Ian Lavery, the Labour party chair, said: “Boris Johnson’s first act as PM has been to appoint a cabinet of hardline conservatives who will only represent the privileged few.”
Johnson will hold his first cabinet meeting at No 10 on Thursday morning, before making a statement to the Commons, where he is likely to receive a foretaste of the challenges that await him if he is to secure a majority for any new Brexit deal.
Several cabinet veterans, including Greg Clark, David Gauke and Philip Hammond, have made clear they intend to continue making the case against a no-deal Brexit from the backbenches – and using every parliamentary device they can to tie their new leader’s hands.
Asked about the prospect of an autumn poll, Rees-Mogg told ITV’s Robert Peston: “It is clearly not the policy of the government to bring about a general election.” But he added: “It’s impossible to rule out, looking at the parliamentary arithmetic.”
Earlier, Johnson was joined outside Downing Street by his partner, Carrie Symonds, who has stayed away from the limelight in recent weeks following the furore over their late-night row.
Members of his new staff also lined up to hear him, including Andrew Griffith, a Sky executive who lent him a £9.5m townhouse to plan his campaign and will become his business adviser, and Munira Mirza, one of his deputies as London mayor, who will become No 10 policy chief.
Matt Hancock, who threw his weight behind Johnson after abandoning his own tilt at the top job, and has been a key public face of his campaign, will remain as health secretary.
Hancock had said on Wednesday morning that, “uniting the party, and through that then uniting the country, is a really important part of what Boris is talking about”.
But Johnson’s picks for the top table pointed to a decision to assemble an ideologically coherent top team, rather than placating fretful remainers.
Allies said that as the new prime minister had indicated during his leadership campaign, every member of his hand-picked cabinet is fully committed to delivering Brexit, come what may, on 31 October.

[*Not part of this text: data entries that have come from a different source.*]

(* Let $N\ge 2$, let $\Omega\subset\mathbb{R}^N$ be a bounded domain with smooth boundary, let $g\in C^\infty(\overline{\Omega})$ be positive, and let $A,B,p,q$ be positive constants, all independent of $\epsilon$, with $(A-B)(p-q)\ge0$ and $A\neq B$. For $\epsilon>0$ let $u_\epsilon$ be the unique solution of problem (N) described in the context. Then $$1\le \frac{1}{|\Omega|}\int_\Omega e^{pu_\epsilon}\,dx\le\max\Big\{\frac AB,\Big(\frac BA\Big)^{p/q}\Big\},\qquad 1\le \frac{1}{|\Omega|}\int_\Omega e^{-qu_\epsilon}\,dx\le\max\Big\{\frac BA,\Big(\frac AB\Big)^{q/p}\Big\}.$$
   Context: Problem (N): for $\epsilon>0$, find $u_\epsilon\in C^\infty(\Omega)\cap C^1(\overline{\Omega})$ with $$\epsilon^2\nabla\cdot(g\nabla u_\epsilon)=\frac{Ae^{pu_\epsilon}}{\frac{1}{|\Omega|}\int_\Omega e^{pu_\epsilon(y)}dy}-\frac{Be^{-qu_\epsilon}}{\frac{1}{|\Omega|}\int_\Omega e^{-qu_\epsilon(y)}dy}\ \text{ in }\Omega,\qquad \epsilon^2\partial_\nu u_\epsilon=C_{bd}\ \text{ on }\partial\Omega,\qquad \int_\Omega u_\epsilon\,dx=0,$$ where $\partial_\nu$ is the outward normal derivative, $|\Omega|$ the Lebesgue measure of $\Omega$, and $C_{bd}=\frac{|\Omega|(A-B)}{\int_{\partial\Omega} g\,dS_x}$; this solution exists and is unique. *)

theory Defs
  imports "HOL-Analysis.Analysis"
begin

definition partial :: "'n::finite \<Rightarrow> (real^'n \<Rightarrow> real) \<Rightarrow> real^'n \<Rightarrow> real" where
  "partial i f x = deriv (\<lambda>t. f (x + t *\<^sub>R axis i 1)) 0"
lemma triangle_sets: "triangle T \<in> sets (lebesgue \<Otimes>\<^sub>M lebesgue)"
proof -
  have "triangle T = {p \<in> space (lebesgue \<Otimes>\<^sub>M lebesgue). 0 \<le> snd p \<and> snd p \<le> fst p \<and> fst p \<le> T}"
    by (auto simp: triangle_def space_pair_measure)
  also have "\<dots> \<in> sets (lebesgue \<Otimes>\<^sub>M lebesgue)"
    by measurable
  finally show ?thesis .
qed

lemma lebesgue_integral_indicator_eq_integral:
  fixes h :: "'a::euclidean_space \<Rightarrow> 'b::euclidean_space"
  assumes meas: "(\<lambda>x. indicator S x *\<^sub>R h x) \<in> borel_measurable lebesgue"
    and B: "integrable lebesgue B" and bound: "\<And>x. x \<in> S \<Longrightarrow> norm (h x) \<le> B x"
  shows "(\<integral>x. indicator S x *\<^sub>R h x \<partial>lebesgue) = integral S h"
proof -
  have "integrable lebesgue (\<lambda>x. indicator S x *\<^sub>R h x)"
    by (rule Bochner_Integration.integrable_bound[OF B meas], rule AE_I2)
       (auto simp: indicator_def intro: order_trans[OF bound])
  then have "set_integrable lebesgue S h"
    by (simp add: set_integrable_def)
  then show ?thesis
    using set_lebesgue_integral_eq_integral(2) by (simp add: set_lebesgue_integral_def)
qed
lemma continuous_derivative_imp_locally_lipschitz:
  fixes g :: "'a::real_normed_vector \<Rightarrow> 'b::real_normed_vector"
  assumes g': "\<And>x. (g has_derivative blinfun_apply (D x)) (at x)" and "continuous_on UNIV D"
  obtains r L where "r > 0" "L-lipschitz_on (cball p r) g"
proof -
  obtain r where "r > 0" and r: "\<And>y. dist y p < r \<Longrightarrow> dist (D y) (D p) < 1"
    using \<open>continuous_on UNIV D\<close> unfolding continuous_on_iff by (meson UNIV_I zero_less_one)
  have "(norm (D p) + 1)-lipschitz_on (cball p (r/2)) g"
  proof (rule bounded_derivative_imp_lipschitz)
    show "(g has_derivative blinfun_apply (D x)) (at x within cball p (r/2))" for x
      using g' by (rule has_derivative_at_withinI)
    show "onorm (blinfun_apply (D x)) \<le> norm (D p) + 1" if "x \<in> cball p (r/2)" for x
      using r[of x] that \<open>r > 0\<close> norm_triangle_sub[of "D x" "D p"]
      by (simp add: dist_norm norm_blinfun.rep_eq norm_minus_commute)
  qed auto
  with \<open>r > 0\<close> show thesis by (intro that) auto
qed

definition ode_solution_on :: "(real \<Rightarrow> 'b::real_normed_vector \<Rightarrow> 'b) \<Rightarrow> real set \<Rightarrow> (real \<Rightarrow> 'b) \<Rightarrow> bool"
  where "ode_solution_on F I u \<longleftrightarrow> (\<forall>t\<in>I. (u has_vector_derivative F t (u t)) (at t within I))"

lemma ode_solution_on_continuous: "ode_solution_on F I u \<Longrightarrow> continuous_on I u"
  unfolding ode_solution_on_def continuous_on_eq_continuous_within
  using has_vector_derivative_continuous by blast

lemma ode_solution_on_subset: "ode_solution_on F I u \<Longrightarrow> J \<subseteq> I \<Longrightarrow> ode_solution_on F J u"
  unfolding ode_solution_on_def by (meson has_vector_derivative_within_subset subsetD)

lemma ode_solution_on_cong:
  assumes "ode_solution_on F I u" "\<And>t. t \<in> I \<Longrightarrow> w t = u t"
  shows "ode_solution_on F I w"
  using assms unfolding ode_solution_on_def by (metis has_vector_derivative_transform)

lemma ode_solution_on_localI:
  assumes "\<And>t. t \<in> I \<Longrightarrow> \<exists>S. open S \<and> t \<in> S \<and> ode_solution_on F (I \<inter> S) u"
  shows "ode_solution_on F I u"
  unfolding ode_solution_on_def
proof
  fix t assume "t \<in> I"
  then obtain S where S: "open S" "t \<in> S" "ode_solution_on F (I \<inter> S) u" using assms by blast
  have "at t within I \<inter> S = at t within I"
    by (rule at_within_nhd[OF \<open>t \<in> S\<close> \<open>open S\<close>]) auto
  with S \<open>t \<in> I\<close> show "(u has_vector_derivative F t (u t)) (at t within I)"
    unfolding ode_solution_on_def by force
qed

lemma ode_solution_on_by_initial_segments:
  assumes "\<And>c. c \<in> I \<Longrightarrow> \<exists>d>c. ode_solution_on F (I \<inter> {..d}) u"
  shows "ode_solution_on F I u"
proof (rule ode_solution_on_localI)
  fix c assume "c \<in> I"
  then obtain d where "c < d" and d: "ode_solution_on F (I \<inter> {..d}) u" using assms by blast
  have "ode_solution_on F (I \<inter> {..<d}) u" using d by (rule ode_solution_on_subset) auto
  with \<open>c < d\<close> show "\<exists>S. open S \<and> c \<in> S \<and> ode_solution_on F (I \<inter> S) u"
    by (intro exI[of _ "{..<d}"]) auto
qed

lemma ode_solution_on_glue:
  assumes "ode_solution_on F {a..b} u" "ode_solution_on F {b..c} w" "u b = w b" "a \<le> b" "b \<le> c"
  shows "ode_solution_on F {a..c} (\<lambda>t. if t \<le> b then u t else w t)"
  unfolding ode_solution_on_def
proof
  fix t assume t: "t \<in> {a..c}"
  have closures: "closure {a..b} \<inter> closure {b..c} = {b}" and union: "{a..b} \<union> {b..c} = {a..c}"
    using assms(4,5) by auto
  have "((\<lambda>t. if t \<in> {a..b} then u t else w t) has_vector_derivative
      (if t \<in> {a..b} then F t (u t) else F t (w t))) (at t within {a..b} \<union> {b..c})"
    by (rule has_vector_derivative_If_within_closures[where T = "{b..c}"])
       (use assms t in \<open>auto simp: ode_solution_on_def closures union insert_absorb\<close>)
  then have "((\<lambda>t. if t \<in> {a..b} then u t else w t) has_vector_derivative
      F t (if t \<le> b then u t else w t)) (at t within {a..c})"
    using t by (simp add: union if_distrib)
  then show "((\<lambda>t. if t \<le> b then u t else w t) has_vector_derivative
      F t (if t \<le> b then u t else w t)) (at t within {a..c})"
    by (rule has_vector_derivative_transform[OF t, rotated]) auto
qed

lemma ext_cont_in_bcontfun:
  fixes g :: "real \<Rightarrow> 'b::metric_space"
  assumes "continuous_on {a..b} g" "a \<le> b"
  shows "ext_cont g a b \<in> bcontfun"
proof -
  have "range (ext_cont g a b) \<subseteq> g ` {a..b}"
    using \<open>a \<le> b\<close> clamp_in_interval[of a b] by (auto simp: ext_cont_def)
  moreover have "bounded (g ` {a..b})"
    by (intro compact_imp_bounded compact_continuous_image assms) simp
  ultimately have "bounded (range (ext_cont g a b))"
    by (rule bounded_subset[rotated])
  with assms show ?thesis
    by (simp add: bcontfun_def continuous_on_ext_cont)
qed

lemma closed_bcontfun_values_in:
  assumes "closed K"
  shows "closed {u :: 'a::topological_space \<Rightarrow>\<^sub>C 'b::metric_space. \<forall>t\<in>I. u t \<in> K}"
proof -
  have evaluation: "1-lipschitz_on UNIV (\<lambda>u :: 'a \<Rightarrow>\<^sub>C 'b. apply_bcontfun u t)" for t
    by (simp add: lipschitz_on_def dist_bounded)
  have "continuous (at u) (\<lambda>u :: 'a \<Rightarrow>\<^sub>C 'b. apply_bcontfun u t)" for u t
    using lipschitz_on_continuous_within[OF evaluation, of u] by simp
  then have "closed ((\<lambda>u :: 'a \<Rightarrow>\<^sub>C 'b. apply_bcontfun u t) -` K)" for t
    using \<open>closed K\<close> by (intro continuous_closed_vimage)
  moreover have "{u :: 'a \<Rightarrow>\<^sub>C 'b. \<forall>t\<in>I. u t \<in> K} = (\<Inter>t\<in>I. (\<lambda>u. apply_bcontfun u t) -` K)"
    by auto
  ultimately show ?thesis by auto
qed

(* The integral operator of the initial value problem, frozen outside [a, b] by clamp so that it
   acts on the complete space of bounded continuous functions on the whole real line. *)
definition picard_operator ::
  "(real \<Rightarrow> 'b::banach \<Rightarrow> 'b) \<Rightarrow> real \<Rightarrow> real \<Rightarrow> 'b \<Rightarrow> (real \<Rightarrow>\<^sub>C 'b) \<Rightarrow> (real \<Rightarrow>\<^sub>C 'b)"
  where "picard_operator F a b q u = Bcontfun (ext_cont (\<lambda>t. q + integral {a..t} (\<lambda>s. F s (u s))) a b)"

lemma picard_operator_apply:
  fixes u :: "real \<Rightarrow>\<^sub>C 'b::banach"
  assumes "a \<le> b" and cont: "continuous_on {a..b} (\<lambda>s. F s (u s))"
  shows "picard_operator F a b q u t = q + integral {a..clamp a b t} (\<lambda>s. F s (u s))"
proof -
  have "continuous_on {a..b} (\<lambda>t. q + integral {a..t} (\<lambda>s. F s (u s)))"
    by (intro continuous_intros indefinite_integral_continuous_1 integrable_continuous_real cont)
  from ext_cont_in_bcontfun[OF this \<open>a \<le> b\<close>] show ?thesis
    by (simp add: picard_operator_def Bcontfun_inverse ext_cont_def)
qed

lemma picard_operator_fixed_point:
  fixes u :: "real \<Rightarrow>\<^sub>C 'b::banach"
  assumes "a \<le> b" and cont: "continuous_on {a..b} (\<lambda>s. F s (u s))"
    and fixed: "picard_operator F a b q u = u"
  shows "u a = q" "ode_solution_on F {a..b} u"
proof -
  have u: "u t = q + integral {a..t} (\<lambda>s. F s (u s))" if "t \<in> {a..b}" for t
    using picard_operator_apply[of a b F u q t] assms(1,2) that by (simp add: fixed)
  then show "u a = q" using \<open>a \<le> b\<close> by simp
  show "ode_solution_on F {a..b} u"
    unfolding ode_solution_on_def
  proof
    fix t assume "t \<in> {a..b}"
    have "((\<lambda>t. q + integral {a..t} (\<lambda>s. F s (u s))) has_vector_derivative F t (u t)) (at t within {a..b})"
      using cont \<open>t \<in> {a..b}\<close> by (auto intro!: derivative_eq_intros integral_has_vector_derivative)
    then show "(u has_vector_derivative F t (u t)) (at t within {a..b})"
      by (rule has_vector_derivative_transform[OF \<open>t \<in> {a..b}\<close>, rotated]) (simp add: u)
  qed
qed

Cummings’s old boss, Michael Gove, another Vote Leave veteran, will be chancellor of the duchy of Lancaster – the ceremonial title previously held by May’s cabinet fixer, David Lidington, who resigned on Wednesday rather than serve in a Johnson administration.
Gove has been handed the task of overseeing preparations for a no-deal Brexit, a job that previously fell to the Department for Exiting the EU. Brexiters have long claimed the government was not doing enough to get ready for the possibility of leaving.
Gove warned in January that if Britain left the EU without a deal in place, “winter is coming”.